With Christianity came the churches, and the community was divided into four parishes, Ullinshov, Berg, Steinarhof (Sterud) and Baldishol. The medieval church at Nes was originally a single nave church, built in limestone at about 1250 AD. 

In the 1300’s Nes got it’s own sheriff; the place for public executions was situated midway between Stavsjø and Aske. The community was divided into four Fjerding (Quarters); North, Mid and West Fjerdingen, in addition to Helgøya. The King and The Church took over an increasing number of farms in the district, and the farmers became tenant farmers. It was only into the 1700’s, that the farmers again became freeholders.

About a third of the population of Nes died during the Black Death in1349. Many farms became abandoned and remained so until the 1600’s when there was a population growth. These farms (Ødegarder) were then cleared and the cotter system emerged. It was tough times for many, and during the 1800’s  a lot of people migrated,  both to the cities and to the Americas. During this time many local associations emerged, both idealistic, cultural and political. This enrichment of  associations still characterises our community today.

In 1837 the laws of local self government came into being. This gave both rural and urban areas a right to govern themselves. The municipality of Nes grew, eventually with roads, mail, permanent schools, churches, poor law and tax authorities, and even a savings bank. The municipal building of “Tingnes” was completed in 1892.

Businesses were founded based on local agriculture; dairies, brickworks, lime works, distilleries, mills, sawmills and grain cleaning. The boy’s home “Toftes Gave” was established at  Sund from the 1870’s, until it became a home for the mentally handicapped from about 1950.

There are remnants of public piers and quays many places along the Nes shore line. The lake has always been of great importance to the people at  Nes, whether it was fishing, transportation of goods or of passengers. Until the 1980’s, the Nes-ferry and the Mjøs-ferry played a very important part in transporting people and vehicles between the east and west side of the lake. In 1957 the Nessundet bridge was built between the island and Nes,  thus bringing the islanders and the “nesninger”  closer together.

On the First of January 1964 the district of Nes was absorbed into the municipality of Ringsaker. Much has also changed since then.

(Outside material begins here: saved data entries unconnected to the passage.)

(* Let $(M,g)$ be a spacetime with hyperbolic symmetry whose metric, on the covering manifold $\tilde M$, is written in areal coordinates $(t,\theta,x,y)$ as \[ ds^2=-e^{2\mu}dt^2+e^{2\lambda}d\theta^2+t^2\left(dx^2+\sinh^2x\,dy^2\right), \] with $\mu,\lambda$ functions of $(t,\theta)$ only, $t>0$. Let $f$ be a distribution function (number density of particles) on the mass shell, written in terms of the coordinates $(t,\theta,x,y)$ and the corresponding canonical momenta $(p^1,p^2,p^3)$ (with $p^0$ determined by the mass-shell condition). Assume that (the pull-back of) $f$ is invariant under the action on $T\tilde M$ induced by the action of $G$ on $\tilde M$. Then $f$ depends only on \[ t,\ \theta,\ p^1,\ (p^2)^2+\sinh^2x\,(p^3)^2 . \]
   Context: Hyperbolic symmetry: $M\cong\mathbb{R}\times S^1\times F$ with $F$ a compact orientable surface of genus $>1$; $\tilde M\cong \mathbb{R}\times S^1\times\tilde F$ is the covering obtained from the universal cover $\tilde F$ of $F$, identified with the hyperbolic plane. $G$ is the identity component of the isometry group of the hyperbolic plane; it acts on $\tilde M$ via its action on the $\tilde F$ factor (in the coordinates above, on the hyperbolic surfaces $\{t,\theta=\text{const}\}$ with metric $t^2(dx^2+\sinh^2x\,dy^2)$), and the metric and matter fields pulled back to $\tilde M$ are invariant under this action. The mass shell is $\{g_{\alpha\beta}p^\alpha p^\beta=-1,\ p^0>0\}$ (particles of unit rest mass); the canonical momenta $p^\alpha$ are the components of a tangent vector in the coordinate basis. *)

theory Defs
  imports "HOL-Analysis.Analysis"
begin

text \<open>Model of the hyperbolic plane (universal cover of F): the Poincare disk
  {z. norm z < 1} with metric 4 |dz|^2 / (1 - |z|^2)^2.
  The coordinates (x,y) of the paper (metric dx^2 + sinh^2 x dy^2) are geodesic polar
  coordinates about the origin: z = tanh(x/2) e^{iy}, valid for x > 0.\<close>

definition hchart :: "real \<Rightarrow> real \<Rightarrow> complex" where
  "hchart x y = complex_of_real (tanh (x / 2)) * cis y"

definition hpush :: "real \<Rightarrow> real \<Rightarrow> real \<Rightarrow> real \<Rightarrow> complex" where
  "hpush x y p2 p3 =
     p2 *\<^sub>R vector_derivative (\<lambda>s. hchart s y) (at x)
   + p3 *\<^sub>R vector_derivative (\<lambda>s. hchart x s) (at y)"

text \<open>G = identity component of the isometry group of the hyperbolic plane
  = orientation preserving isometries of the disk = the disk automorphisms
  z \<mapsto> e^{i alpha} (z - a) / (1 - conj a z), |a| < 1.\<close>

definition hypG :: "(complex \<Rightarrow> complex) set" where
  "hypG = {\<lambda>z. cis \<alpha> * (z - a) / (1 - cnj a * z) | \<alpha> a. norm a < 1}"

text \<open>Invariance of the distribution function f(t,theta,x,y,p1,p2,p3) under the action of G
  on the tangent bundle induced by its action on the hyperbolic factor: the action fixes
  t, theta (and p0, p1) and maps (point, tangent vector) by (phi, d phi). Since phi is
  holomorphic, its differential is multiplication by the complex derivative.\<close>

definition G_invariant ::
  "(real \<Rightarrow> real \<Rightarrow> real \<Rightarrow> real \<Rightarrow> real \<Rightarrow> real \<Rightarrow> real \<Rightarrow> real) \<Rightarrow> bool" where
  "G_invariant f \<longleftrightarrow>
     (\<forall>\<phi>\<in>hypG. \<forall>t \<theta> x y p1 p2 p3 x' y' p2' p3'.
        t > 0 \<longrightarrow> x > 0 \<longrightarrow> x' > 0 \<longrightarrow>
        hchart x' y' = \<phi> (hchart x y) \<longrightarrow>
        hpush x' y' p2' p3' = deriv \<phi> (hchart x y) * hpush x y p2 p3 \<longrightarrow>
        f t \<theta> x' y' p1 p2' p3' = f t \<theta> x y p1 p2 p3)"

end

theory Submission
  imports Defs "HOL-Complex_Analysis.Riemann_Mapping"
begin

text \<open>In the disk model, G consists of the Moebius maps z \<mapsto> e^{i t} (z - a) / (1 - conj a z),
  and it acts transitively on tangent vectors of equal hyperbolic length 2 |v| / (1 - |z|^2).
  In the geodesic polar coordinates z = tanh(x/2) e^{iy} this length is
  sqrt ((p2)^2 + sinh^2 x (p3)^2). So G moves every (x, y, p2, p3) to
  (1, 0, sqrt ((p2)^2 + sinh^2 x (p3)^2), 0), where a G-invariant f takes the same value.\<close>

lemma Moebius_function_in_hypG: "norm w < 1 \<Longrightarrow> Moebius_function t w \<in> hypG"
  unfolding hypG_def Moebius_function_def cis_conv_exp by blast

lemma Moebius_function_has_field_derivative:
  assumes "1 - cnj w * z \<noteq> 0"
  shows "(Moebius_function t w has_field_derivative
           exp (\<i> * t) * (1 - cnj w * w) / (1 - cnj w * z)\<^sup>2) (at z)"
  unfolding Moebius_function_def
  using assms by (auto intro!: derivative_eq_intros simp: field_simps power2_eq_square)

lemma deriv_Moebius_function:
  "1 - cnj w * z \<noteq> 0 \<Longrightarrow>
     deriv (Moebius_function t w) z = exp (\<i> * t) * (1 - cnj w * w) / (1 - cnj w * z)\<^sup>2"
  by (rule DERIV_imp_deriv) (rule Moebius_function_has_field_derivative)

text \<open>Here a is the preimage of -b under the Moebius map vanishing at z, so
  Moebius_function t a is, up to a rotation, that map followed by the one sending 0 to b.\<close>

lemma Moebius_function_value_and_deriv:
  fixes z b :: complex
  defines "D \<equiv> 1 - cnj b * z"
  defines "a \<equiv> (z - b) / cnj D"
  assumes b: "norm b < 1" and z: "norm z < 1"
  shows "norm a < 1"
    and "Moebius_function t a z = exp (\<i> * t) * (D / cnj D) * b"
    and "deriv (Moebius_function t a) z
           = exp (\<i> * t) * (D / cnj D) * ((1 - (norm b)\<^sup>2) / (1 - (norm z)\<^sup>2))"
proof -
  define s where "s = 1 - z * cnj z"
  have "norm (cnj b * z) < 1"
    using norm_mult_less[of "cnj b" 1 z 1] b z by simp
  then have "D \<noteq> 0"
    by (auto simp: D_def)
  then have D: "D \<noteq> 0" "cnj D \<noteq> 0"
    by simp_all
  have s_real: "s = of_real (1 - (norm z)\<^sup>2)"
    by (simp only: s_def of_real_diff of_real_1 complex_norm_square)
  have "(norm z)\<^sup>2 < 1"
    using z by (simp add: power_less_one_iff)
  then have s: "s \<noteq> 0"
    unfolding s_real of_real_eq_0_iff by simp
  have "norm a = norm (Moebius_function 0 b z)"
    unfolding a_def norm_divide complex_mod_cnj
    by (simp add: D_def Moebius_function_simple norm_divide)
  then show "norm a < 1"
    using Moebius_function_norm_lt_1[OF b z] by simp
  have cnj_a: "cnj a = (cnj z - cnj b) / D"
    by (simp add: a_def)
  have num: "z - a = b * s / cnj D"
    using D by (simp add: a_def s_def D_def field_simps)
  have den: "1 - cnj a * z = s / D"
    using D by (simp add: cnj_a s_def D_def field_simps)
  have "1 - cnj a * a = (D * cnj D - (cnj z - cnj b) * (z - b)) / (D * cnj D)"
    using D by (simp add: cnj_a a_def field_simps)
  also have "D * cnj D - (cnj z - cnj b) * (z - b) = (1 - b * cnj b) * s"
    by (simp add: D_def s_def algebra_simps)
  also have "b * cnj b = (norm b)\<^sup>2"
    using complex_norm_square[of b] by simp
  finally have norm_a: "1 - cnj a * a = s * (1 - (norm b)\<^sup>2) / (D * cnj D)"
    by (simp add: mult.commute)
  show "Moebius_function t a z = exp (\<i> * t) * (D / cnj D) * b"
    using D s by (simp add: Moebius_function_def num den)
  have "1 - cnj a * z \<noteq> 0"
    using D s by (simp add: den)
  from deriv_Moebius_function[OF this]
  have "deriv (Moebius_function t a) z
      = exp (\<i> * t) * (s * (1 - (norm b)\<^sup>2) / (D * cnj D)) / (s / D)\<^sup>2"
    unfolding den norm_a .
  also have "\<dots> = exp (\<i> * t) * (D / cnj D) * ((1 - (norm b)\<^sup>2) / s)"
    using D s by (simp add: field_simps power2_eq_square)
  finally show "deriv (Moebius_function t a) z
      = exp (\<i> * t) * (D / cnj D) * ((1 - (norm b)\<^sup>2) / (1 - (norm z)\<^sup>2))"
    by (simp add: s_real)
qed

lemma hypG_transitive_on_frames:
  fixes z w e :: complex
  assumes z: "norm z < 1" and w: "norm w < 1" and e: "norm e = 1"
  shows "\<exists>\<phi>\<in>hypG. \<phi> z = w \<and> deriv \<phi> z = e * ((1 - (norm w)\<^sup>2) / (1 - (norm z)\<^sup>2))"
proof -
  define b where "b = w * cnj e"
  define D where "D = 1 - cnj b * z"
  define a where "a = (z - b) / cnj D"
  define u where "u = e * cnj D / D"
  have e_cnj: "e * cnj e = 1"
    using complex_norm_square[of e] e by simp
  have b: "norm b < 1" "norm b = norm w"
    using w e by (simp_all add: b_def norm_mult)
  have "D \<noteq> 0"
    using norm_mult_less[of "cnj b" 1 z 1] b z by (auto simp: D_def)
  then have "norm u = 1"
    using e by (simp add: u_def norm_mult norm_divide)
  then have u: "exp (\<i> * Arg u) = u"
    using cis_Arg[of u] by (cases "u = 0") (auto simp: sgn_div_norm simp flip: cis_conv_exp)
  have a: "norm a < 1"
    using Moebius_function_value_and_deriv(1)[OF b(1) z] by (simp add: a_def D_def)
  note \<phi> = Moebius_function_value_and_deriv(2,3)[OF b(1) z, of "Arg u", folded D_def a_def, unfolded u]
  have "Moebius_function (Arg u) a z = w"
    unfolding \<phi>(1) using \<open>D \<noteq> 0\<close> e_cnj by (simp add: u_def b_def mult.left_commute)
  moreover have "deriv (Moebius_function (Arg u) a) z = e * ((1 - (norm w)\<^sup>2) / (1 - (norm z)\<^sup>2))"
    unfolding \<phi>(2) using \<open>D \<noteq> 0\<close> by (simp add: u_def b)
  ultimately show ?thesis
    using a Moebius_function_in_hypG by blast
qed

definition hyp_norm :: "complex \<Rightarrow> complex \<Rightarrow> real" where
  "hyp_norm z v = 2 * norm v / (1 - (norm z)\<^sup>2)"

lemma hypG_normalizes_tangent_vector:
  fixes z w v :: complex
  assumes "norm z < 1" "norm w < 1"
  shows "\<exists>\<phi>\<in>hypG. \<phi> z = w \<and> deriv \<phi> z * v = (1 - (norm w)\<^sup>2) / 2 * hyp_norm z v"
proof -
  define e where "e = (if v = 0 then 1 else cnj v / norm v)"
  have "norm e = 1"
    by (simp add: e_def norm_divide)
  moreover have "e * v = norm v"
  proof (cases "v = 0")
    case False
    have "cnj v * v = norm v * norm v"
      using complex_norm_square[of v] by (simp add: power2_eq_square mult.commute)
    with False show ?thesis
      by (simp add: e_def)
  qed (simp add: e_def)
  ultimately show ?thesis
    using hypG_transitive_on_frames[OF assms]
    by (fastforce simp: hyp_norm_def)
qed

lemma hchart_has_vector_derivative_radial:
  "((\<lambda>s. hchart s y) has_vector_derivative complex_of_real ((1 - (tanh (x/2))\<^sup>2) / 2) * cis y) (at x)"
  unfolding hchart_def
  by (auto intro!: derivative_eq_intros has_vector_derivative_mult_left
      simp: cosh_real_pos[THEN order.strict_implies_not_eq, THEN not_sym])

lemma hchart_has_vector_derivative_angular:
  "((\<lambda>s. hchart x s) has_vector_derivative complex_of_real (tanh (x/2)) * (\<i> * cis y)) (at y)"
  unfolding hchart_def has_vector_derivative_def
  by (auto intro!: derivative_eq_intros ext simp: algebra_simps)

lemma hpush_eq:
  "hpush x y p2 p3 = cis y * Complex ((1 - (tanh (x/2))\<^sup>2) / 2 * p2) (tanh (x/2) * p3)"
  unfolding hpush_def
    vector_derivative_at[OF hchart_has_vector_derivative_radial]
    vector_derivative_at[OF hchart_has_vector_derivative_angular]
  by (simp add: complex_eq_iff scaleR_conv_of_real algebra_simps)

lemma norm_hchart: "x \<ge> 0 \<Longrightarrow> norm (hchart x y) = tanh (x/2)"
  by (simp add: hchart_def norm_mult)

lemma tanh_half_double: "2 * tanh (x/2) = (1 - (tanh (x/2))\<^sup>2) * sinh (x::real)"
proof -
  have cosh: "cosh (x/2) \<noteq> 0"
    using cosh_real_pos[of "x/2"] by simp
  then have "1 - (tanh (x/2))\<^sup>2 = ((cosh (x/2))\<^sup>2 - (sinh (x/2))\<^sup>2) / (cosh (x/2))\<^sup>2"
    by (simp add: tanh_def field_simps)
  also have "\<dots> = 1 / (cosh (x/2))\<^sup>2"
    by (simp add: cosh_square_eq)
  finally have tanh_sq: "1 - (tanh (x/2))\<^sup>2 = 1 / (cosh (x/2))\<^sup>2" .
  have sinh: "sinh x = 2 * sinh (x/2) * cosh (x/2)"
    using sinh_double[of "x/2"] by simp
  show ?thesis
    unfolding tanh_sq sinh using cosh by (simp add: tanh_def field_simps power2_eq_square)
qed

lemma hyp_norm_hpush:
  assumes "x > 0"
  shows "hyp_norm (hchart x y) (hpush x y p2 p3) = sqrt (p2\<^sup>2 + (sinh x)\<^sup>2 * p3\<^sup>2)"
proof -
  define r where "r = tanh (x/2)"
  have "r\<^sup>2 < 1"
    using tanh_real_bounds[of "x/2"] by (simp add: r_def abs_square_less_1 abs_less_iff)
  have "(norm (hpush x y p2 p3))\<^sup>2 = ((1 - r\<^sup>2) / 2 * p2)\<^sup>2 + (r * p3)\<^sup>2"
    by (simp add: hpush_eq norm_mult cmod_power2 r_def)
  also have "r * p3 = (1 - r\<^sup>2) / 2 * sinh x * p3"
    using tanh_half_double[of x] by (simp add: r_def)
  also have "((1 - r\<^sup>2) / 2 * p2)\<^sup>2 + \<dots>\<^sup>2 = ((1 - r\<^sup>2) / 2)\<^sup>2 * (p2\<^sup>2 + (sinh x)\<^sup>2 * p3\<^sup>2)"
    by (simp add: field_simps power2_eq_square)
  finally have "norm (hpush x y p2 p3) = sqrt (((1 - r\<^sup>2) / 2)\<^sup>2 * (p2\<^sup>2 + (sinh x)\<^sup>2 * p3\<^sup>2))"
    by (simp add: real_sqrt_unique)
  also have "\<dots> = (1 - r\<^sup>2) / 2 * sqrt (p2\<^sup>2 + (sinh x)\<^sup>2 * p3\<^sup>2)"
    using \<open>r\<^sup>2 < 1\<close> by (simp add: real_sqrt_mult)
  finally show ?thesis
    using assms \<open>r\<^sup>2 < 1\<close> by (simp add: hyp_norm_def norm_hchart r_def field_simps)
qed

lemma hpush_radial: "hpush x 0 p 0 = (1 - (tanh (x/2))\<^sup>2) / 2 * p"
  by (simp add: hpush_eq complex_eq_iff)

lemma G_invariantD:
  assumes "G_invariant f" "\<phi> \<in> hypG" "t > 0" "x > 0" "x' > 0"
    and "hchart x' y' = \<phi> (hchart x y)"
    and "hpush x' y' p2' p3' = deriv \<phi> (hchart x y) * hpush x y p2 p3"
  shows "f t \<theta> x' y' p1 p2' p3' = f t \<theta> x y p1 p2 p3"
  using assms unfolding G_invariant_def by blast

theorem lemma1:
  fixes f :: "real \<Rightarrow> real \<Rightarrow> real \<Rightarrow> real \<Rightarrow> real \<Rightarrow> real \<Rightarrow> real \<Rightarrow> real"
  assumes "G_invariant f"
  shows "\<exists>F :: real \<Rightarrow> real \<Rightarrow> real \<Rightarrow> real \<Rightarrow> real.
           \<forall>t \<theta> x y p1 p2 p3. t > 0 \<longrightarrow> x > 0 \<longrightarrow>
             f t \<theta> x y p1 p2 p3 = F t \<theta> p1 (p2\<^sup>2 + (sinh x)\<^sup>2 * p3\<^sup>2)"
proof (intro exI allI impI)
  fix t \<theta> x y p1 p2 p3 :: real
  assume "t > 0" "x > 0"
  define z where "z = hchart x y"
  define v where "v = hpush x y p2 p3"
  define w where "w = hchart 1 0"
  have "norm z < 1" "norm w < 1"
    using \<open>x > 0\<close> by (simp_all add: z_def w_def norm_hchart tanh_real_lt_1)
  then obtain \<phi> where "\<phi> \<in> hypG" "\<phi> z = w"
    and dv: "deriv \<phi> z * v = (1 - (norm w)\<^sup>2) / 2 * hyp_norm z v"
    using hypG_normalizes_tangent_vector by blast
  have "hchart 1 0 = \<phi> z"
    using \<open>\<phi> z = w\<close> by (simp add: w_def)
  moreover have "hpush 1 0 (sqrt (p2\<^sup>2 + (sinh x)\<^sup>2 * p3\<^sup>2)) 0 = deriv \<phi> z * v"
    unfolding dv using \<open>x > 0\<close> by (simp add: hpush_radial z_def v_def w_def norm_hchart hyp_norm_hpush)
  ultimately have "f t \<theta> 1 0 p1 (sqrt (p2\<^sup>2 + (sinh x)\<^sup>2 * p3\<^sup>2)) 0 = f t \<theta> x y p1 p2 p3"
    unfolding z_def v_def by (rule G_invariantD[OF assms \<open>\<phi> \<in> hypG\<close> \<open>t > 0\<close> \<open>x > 0\<close> zero_less_one])
  then show "f t \<theta> x y p1 p2 p3
      = (\<lambda>t \<theta> p1 n. f t \<theta> 1 0 p1 (sqrt n) 0) t \<theta> p1 (p2\<^sup>2 + (sinh x)\<^sup>2 * p3\<^sup>2)"
    by simp
qed

end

Business at Nes is constantly changing. We still remain primarily a farming community, with good conditions for growing grains, vegetables, fruit and berries. Most local stores have closed; the Mjøs ferry has made her last journey; the small local schools have closed, and the local post offices have now become in-store post-offices at the two supermarkets. A new primary school for the entire district was completed in 2008, replacing the five rural schools on Nes and Helgøya. Many have to travel outside of Nes to work, while technological innovations make it possible to work from Nes within many industries. The people of Nes have more leisure time and structures change. Mjøsa is now used more for recreation than for making a living. Meeting places have moved. But the life of old clubs and associations, the orchestras and choirs continue to flourish, and the people of Nes are continuing to meet at the Kulturhus at Tingnes, at the Marina at Sund, at the new school or in the new sports hall at Stavsjø.